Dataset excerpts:
------------------------

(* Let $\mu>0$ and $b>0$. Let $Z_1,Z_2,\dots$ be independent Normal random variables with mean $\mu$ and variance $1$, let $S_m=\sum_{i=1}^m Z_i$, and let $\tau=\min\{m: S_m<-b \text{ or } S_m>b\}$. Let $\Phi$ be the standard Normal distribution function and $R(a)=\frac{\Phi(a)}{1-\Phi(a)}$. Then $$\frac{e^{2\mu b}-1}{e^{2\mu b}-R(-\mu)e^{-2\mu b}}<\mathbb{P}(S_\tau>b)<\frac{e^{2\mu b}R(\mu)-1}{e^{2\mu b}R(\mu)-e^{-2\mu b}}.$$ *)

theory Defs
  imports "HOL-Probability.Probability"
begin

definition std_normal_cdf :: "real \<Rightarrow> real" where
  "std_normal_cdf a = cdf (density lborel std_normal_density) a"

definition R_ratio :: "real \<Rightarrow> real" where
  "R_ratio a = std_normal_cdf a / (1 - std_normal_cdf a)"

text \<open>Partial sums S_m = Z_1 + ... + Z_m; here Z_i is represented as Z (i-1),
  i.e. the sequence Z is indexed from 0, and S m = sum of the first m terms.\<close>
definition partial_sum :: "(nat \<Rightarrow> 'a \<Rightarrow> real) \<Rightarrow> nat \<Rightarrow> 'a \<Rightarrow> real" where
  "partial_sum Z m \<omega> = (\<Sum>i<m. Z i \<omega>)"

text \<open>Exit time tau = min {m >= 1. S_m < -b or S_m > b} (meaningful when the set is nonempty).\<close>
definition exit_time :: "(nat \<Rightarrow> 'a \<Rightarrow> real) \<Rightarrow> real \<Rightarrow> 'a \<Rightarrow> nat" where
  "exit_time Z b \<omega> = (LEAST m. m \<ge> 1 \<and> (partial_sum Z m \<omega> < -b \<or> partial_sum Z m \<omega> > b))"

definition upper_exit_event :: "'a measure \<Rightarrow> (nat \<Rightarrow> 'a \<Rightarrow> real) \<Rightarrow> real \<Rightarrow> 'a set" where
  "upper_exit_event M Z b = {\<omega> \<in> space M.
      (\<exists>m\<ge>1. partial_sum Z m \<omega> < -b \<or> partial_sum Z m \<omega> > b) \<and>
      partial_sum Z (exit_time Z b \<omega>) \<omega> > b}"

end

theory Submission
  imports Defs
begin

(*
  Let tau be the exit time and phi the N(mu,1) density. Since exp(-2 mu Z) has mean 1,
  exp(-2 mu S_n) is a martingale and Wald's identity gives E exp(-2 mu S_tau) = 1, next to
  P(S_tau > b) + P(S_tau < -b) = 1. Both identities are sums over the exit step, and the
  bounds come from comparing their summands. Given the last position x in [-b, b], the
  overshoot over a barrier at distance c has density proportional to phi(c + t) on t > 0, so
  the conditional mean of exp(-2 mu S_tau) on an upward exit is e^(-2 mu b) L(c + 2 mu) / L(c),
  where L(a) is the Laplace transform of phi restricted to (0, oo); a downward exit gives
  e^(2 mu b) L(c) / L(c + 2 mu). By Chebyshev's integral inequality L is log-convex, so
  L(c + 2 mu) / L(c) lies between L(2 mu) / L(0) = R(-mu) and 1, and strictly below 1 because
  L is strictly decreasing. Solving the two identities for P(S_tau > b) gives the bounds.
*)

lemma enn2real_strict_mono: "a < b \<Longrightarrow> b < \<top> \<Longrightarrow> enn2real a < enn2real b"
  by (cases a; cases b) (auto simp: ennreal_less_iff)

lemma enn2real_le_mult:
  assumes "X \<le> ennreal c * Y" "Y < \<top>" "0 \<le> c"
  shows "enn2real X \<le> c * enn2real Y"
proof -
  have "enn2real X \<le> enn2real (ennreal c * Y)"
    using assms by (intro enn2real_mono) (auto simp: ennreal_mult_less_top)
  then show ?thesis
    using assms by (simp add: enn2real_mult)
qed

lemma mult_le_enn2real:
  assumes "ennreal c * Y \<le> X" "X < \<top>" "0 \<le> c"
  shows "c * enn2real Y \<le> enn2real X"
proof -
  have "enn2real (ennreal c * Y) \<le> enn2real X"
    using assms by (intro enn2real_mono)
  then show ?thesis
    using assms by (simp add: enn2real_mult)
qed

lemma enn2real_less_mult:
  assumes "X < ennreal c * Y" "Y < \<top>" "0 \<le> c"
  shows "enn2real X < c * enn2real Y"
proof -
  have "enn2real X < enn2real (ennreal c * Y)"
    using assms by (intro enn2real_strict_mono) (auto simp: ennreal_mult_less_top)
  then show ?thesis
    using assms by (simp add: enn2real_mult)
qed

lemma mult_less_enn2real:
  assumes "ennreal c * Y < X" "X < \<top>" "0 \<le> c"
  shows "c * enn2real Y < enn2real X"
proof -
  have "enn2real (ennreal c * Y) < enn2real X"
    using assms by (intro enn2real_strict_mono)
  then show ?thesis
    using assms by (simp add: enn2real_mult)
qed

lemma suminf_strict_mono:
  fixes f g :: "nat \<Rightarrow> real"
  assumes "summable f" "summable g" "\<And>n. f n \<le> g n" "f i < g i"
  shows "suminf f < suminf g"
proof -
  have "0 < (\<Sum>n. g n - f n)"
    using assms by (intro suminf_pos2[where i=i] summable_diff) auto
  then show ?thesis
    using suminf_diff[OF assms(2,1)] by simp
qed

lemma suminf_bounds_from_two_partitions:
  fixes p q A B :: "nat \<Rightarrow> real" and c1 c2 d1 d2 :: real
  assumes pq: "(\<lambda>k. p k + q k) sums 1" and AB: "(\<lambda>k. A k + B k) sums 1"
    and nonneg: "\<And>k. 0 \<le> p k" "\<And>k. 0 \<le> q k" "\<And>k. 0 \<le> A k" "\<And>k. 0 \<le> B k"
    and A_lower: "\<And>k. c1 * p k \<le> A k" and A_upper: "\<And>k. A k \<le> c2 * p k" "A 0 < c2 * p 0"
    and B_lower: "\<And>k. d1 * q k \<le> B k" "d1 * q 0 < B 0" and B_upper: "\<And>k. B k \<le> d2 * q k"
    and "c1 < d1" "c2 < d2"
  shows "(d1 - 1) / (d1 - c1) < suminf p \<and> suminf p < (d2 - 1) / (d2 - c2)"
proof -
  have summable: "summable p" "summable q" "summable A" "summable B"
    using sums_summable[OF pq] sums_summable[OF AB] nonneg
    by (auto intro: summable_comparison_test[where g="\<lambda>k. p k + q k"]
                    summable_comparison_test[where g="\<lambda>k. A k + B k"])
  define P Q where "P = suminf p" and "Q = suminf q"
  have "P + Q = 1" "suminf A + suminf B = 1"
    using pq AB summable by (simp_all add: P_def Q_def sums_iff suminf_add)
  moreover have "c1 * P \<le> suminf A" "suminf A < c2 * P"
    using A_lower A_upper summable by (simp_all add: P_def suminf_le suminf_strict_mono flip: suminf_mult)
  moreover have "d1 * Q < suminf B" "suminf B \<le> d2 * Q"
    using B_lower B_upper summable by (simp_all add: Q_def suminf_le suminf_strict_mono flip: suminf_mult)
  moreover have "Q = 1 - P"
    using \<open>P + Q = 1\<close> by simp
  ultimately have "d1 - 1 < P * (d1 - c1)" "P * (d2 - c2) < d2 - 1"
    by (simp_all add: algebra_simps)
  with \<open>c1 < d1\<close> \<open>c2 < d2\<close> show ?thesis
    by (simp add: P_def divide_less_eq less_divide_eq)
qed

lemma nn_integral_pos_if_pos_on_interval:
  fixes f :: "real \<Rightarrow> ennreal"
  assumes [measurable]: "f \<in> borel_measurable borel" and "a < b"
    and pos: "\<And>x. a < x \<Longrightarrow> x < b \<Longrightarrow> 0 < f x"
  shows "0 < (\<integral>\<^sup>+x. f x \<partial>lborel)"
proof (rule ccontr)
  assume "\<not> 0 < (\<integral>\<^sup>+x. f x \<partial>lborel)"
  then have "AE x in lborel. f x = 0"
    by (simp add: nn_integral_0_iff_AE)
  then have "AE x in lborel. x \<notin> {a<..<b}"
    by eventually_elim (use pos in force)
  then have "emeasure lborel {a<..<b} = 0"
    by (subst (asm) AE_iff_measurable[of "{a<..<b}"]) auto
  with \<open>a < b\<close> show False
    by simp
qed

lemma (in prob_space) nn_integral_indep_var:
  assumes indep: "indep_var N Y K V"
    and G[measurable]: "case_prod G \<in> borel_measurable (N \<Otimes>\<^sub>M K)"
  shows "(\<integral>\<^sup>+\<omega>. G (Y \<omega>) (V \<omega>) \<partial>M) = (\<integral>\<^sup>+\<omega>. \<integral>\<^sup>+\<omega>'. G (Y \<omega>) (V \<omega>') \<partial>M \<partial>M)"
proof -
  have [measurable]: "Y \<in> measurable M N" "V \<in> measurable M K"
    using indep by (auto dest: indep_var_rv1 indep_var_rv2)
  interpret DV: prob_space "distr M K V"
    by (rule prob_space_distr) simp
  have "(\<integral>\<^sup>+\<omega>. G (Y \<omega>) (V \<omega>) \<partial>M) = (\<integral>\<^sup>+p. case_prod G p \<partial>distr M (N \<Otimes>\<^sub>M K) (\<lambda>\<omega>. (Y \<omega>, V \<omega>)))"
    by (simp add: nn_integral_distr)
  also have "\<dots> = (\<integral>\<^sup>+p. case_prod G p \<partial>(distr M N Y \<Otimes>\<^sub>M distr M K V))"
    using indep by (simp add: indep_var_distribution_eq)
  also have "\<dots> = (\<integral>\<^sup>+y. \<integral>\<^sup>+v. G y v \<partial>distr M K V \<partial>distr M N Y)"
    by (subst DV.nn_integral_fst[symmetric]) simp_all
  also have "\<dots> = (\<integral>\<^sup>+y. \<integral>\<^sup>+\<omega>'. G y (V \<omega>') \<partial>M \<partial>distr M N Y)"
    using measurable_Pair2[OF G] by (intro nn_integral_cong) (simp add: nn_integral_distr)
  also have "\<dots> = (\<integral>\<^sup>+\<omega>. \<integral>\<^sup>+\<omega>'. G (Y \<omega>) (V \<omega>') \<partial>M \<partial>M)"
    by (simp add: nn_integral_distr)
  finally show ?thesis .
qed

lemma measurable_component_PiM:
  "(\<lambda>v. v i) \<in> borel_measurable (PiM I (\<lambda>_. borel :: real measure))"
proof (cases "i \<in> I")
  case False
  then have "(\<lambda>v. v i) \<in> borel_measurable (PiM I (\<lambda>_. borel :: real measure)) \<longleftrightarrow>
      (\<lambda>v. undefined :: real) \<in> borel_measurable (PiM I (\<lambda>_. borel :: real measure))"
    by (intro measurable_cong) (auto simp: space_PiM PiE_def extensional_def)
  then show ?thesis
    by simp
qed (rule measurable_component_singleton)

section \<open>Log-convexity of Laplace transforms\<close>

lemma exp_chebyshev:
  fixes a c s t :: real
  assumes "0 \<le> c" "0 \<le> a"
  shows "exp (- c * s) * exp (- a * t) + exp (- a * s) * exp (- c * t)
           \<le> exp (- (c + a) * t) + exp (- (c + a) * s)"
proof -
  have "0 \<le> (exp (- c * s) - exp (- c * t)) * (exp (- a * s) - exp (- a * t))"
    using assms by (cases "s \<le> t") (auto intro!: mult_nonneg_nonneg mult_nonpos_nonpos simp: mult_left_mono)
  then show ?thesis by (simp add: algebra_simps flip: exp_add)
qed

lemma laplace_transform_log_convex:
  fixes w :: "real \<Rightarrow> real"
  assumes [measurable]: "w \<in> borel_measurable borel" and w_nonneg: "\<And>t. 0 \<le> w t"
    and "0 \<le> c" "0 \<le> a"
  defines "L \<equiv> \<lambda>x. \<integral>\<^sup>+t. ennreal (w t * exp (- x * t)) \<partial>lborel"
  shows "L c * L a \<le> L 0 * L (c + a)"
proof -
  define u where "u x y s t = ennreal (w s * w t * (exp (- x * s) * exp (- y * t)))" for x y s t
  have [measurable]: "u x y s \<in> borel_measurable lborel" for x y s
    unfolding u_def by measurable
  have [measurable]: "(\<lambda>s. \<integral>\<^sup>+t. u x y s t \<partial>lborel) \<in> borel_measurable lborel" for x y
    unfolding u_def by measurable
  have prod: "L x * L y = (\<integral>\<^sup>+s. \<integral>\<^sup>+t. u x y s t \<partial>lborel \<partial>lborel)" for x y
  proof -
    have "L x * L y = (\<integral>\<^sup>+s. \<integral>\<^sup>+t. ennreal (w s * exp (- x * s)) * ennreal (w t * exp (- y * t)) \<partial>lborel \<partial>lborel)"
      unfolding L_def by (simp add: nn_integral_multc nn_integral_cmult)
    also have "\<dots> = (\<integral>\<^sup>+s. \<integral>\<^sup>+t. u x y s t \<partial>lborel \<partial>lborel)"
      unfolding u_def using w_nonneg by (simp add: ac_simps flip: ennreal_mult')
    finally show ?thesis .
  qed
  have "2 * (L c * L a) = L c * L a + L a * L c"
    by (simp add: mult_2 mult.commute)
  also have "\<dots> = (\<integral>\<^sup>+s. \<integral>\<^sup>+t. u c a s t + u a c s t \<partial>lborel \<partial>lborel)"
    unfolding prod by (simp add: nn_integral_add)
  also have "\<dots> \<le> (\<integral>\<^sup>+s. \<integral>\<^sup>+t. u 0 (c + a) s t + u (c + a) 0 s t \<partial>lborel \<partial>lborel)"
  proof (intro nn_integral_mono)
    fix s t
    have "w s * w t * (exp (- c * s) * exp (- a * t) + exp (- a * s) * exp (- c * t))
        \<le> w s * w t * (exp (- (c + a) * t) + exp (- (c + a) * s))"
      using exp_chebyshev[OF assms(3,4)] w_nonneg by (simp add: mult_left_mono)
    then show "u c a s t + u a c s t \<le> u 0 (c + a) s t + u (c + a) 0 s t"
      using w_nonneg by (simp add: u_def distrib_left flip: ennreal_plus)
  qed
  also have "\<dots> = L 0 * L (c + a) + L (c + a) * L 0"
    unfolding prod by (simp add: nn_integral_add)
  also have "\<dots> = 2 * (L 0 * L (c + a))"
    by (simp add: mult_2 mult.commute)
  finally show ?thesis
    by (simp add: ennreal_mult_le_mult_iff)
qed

------------------------

EXERCISE BRIEF: Please copy, exactly and with nothing else, the lines above beginning at the line that has "s t \<partial>lborel)" and ending with the line that has "(\<integral>\<^sup>+s. \<integral>\<^sup>+t. ennreal".

TASK ANSWER:
  have [measurable]: "(\<lambda>s. \<integral>\<^sup>+t. u x y s t \<partial>lborel) \<in> borel_measurable lborel" for x y
    unfolding u_def by measurable
  have prod: "L x * L y = (\<integral>\<^sup>+s. \<integral>\<^sup>+t. u x y s t \<partial>lborel \<partial>lborel)" for x y
  proof -
    have "L x * L y = (\<integral>\<^sup>+s. \<integral>\<^sup>+t. ennreal (w s * exp (- x * s)) * ennreal (w t * exp (- y * t)) \<partial>lborel \<partial>lborel)"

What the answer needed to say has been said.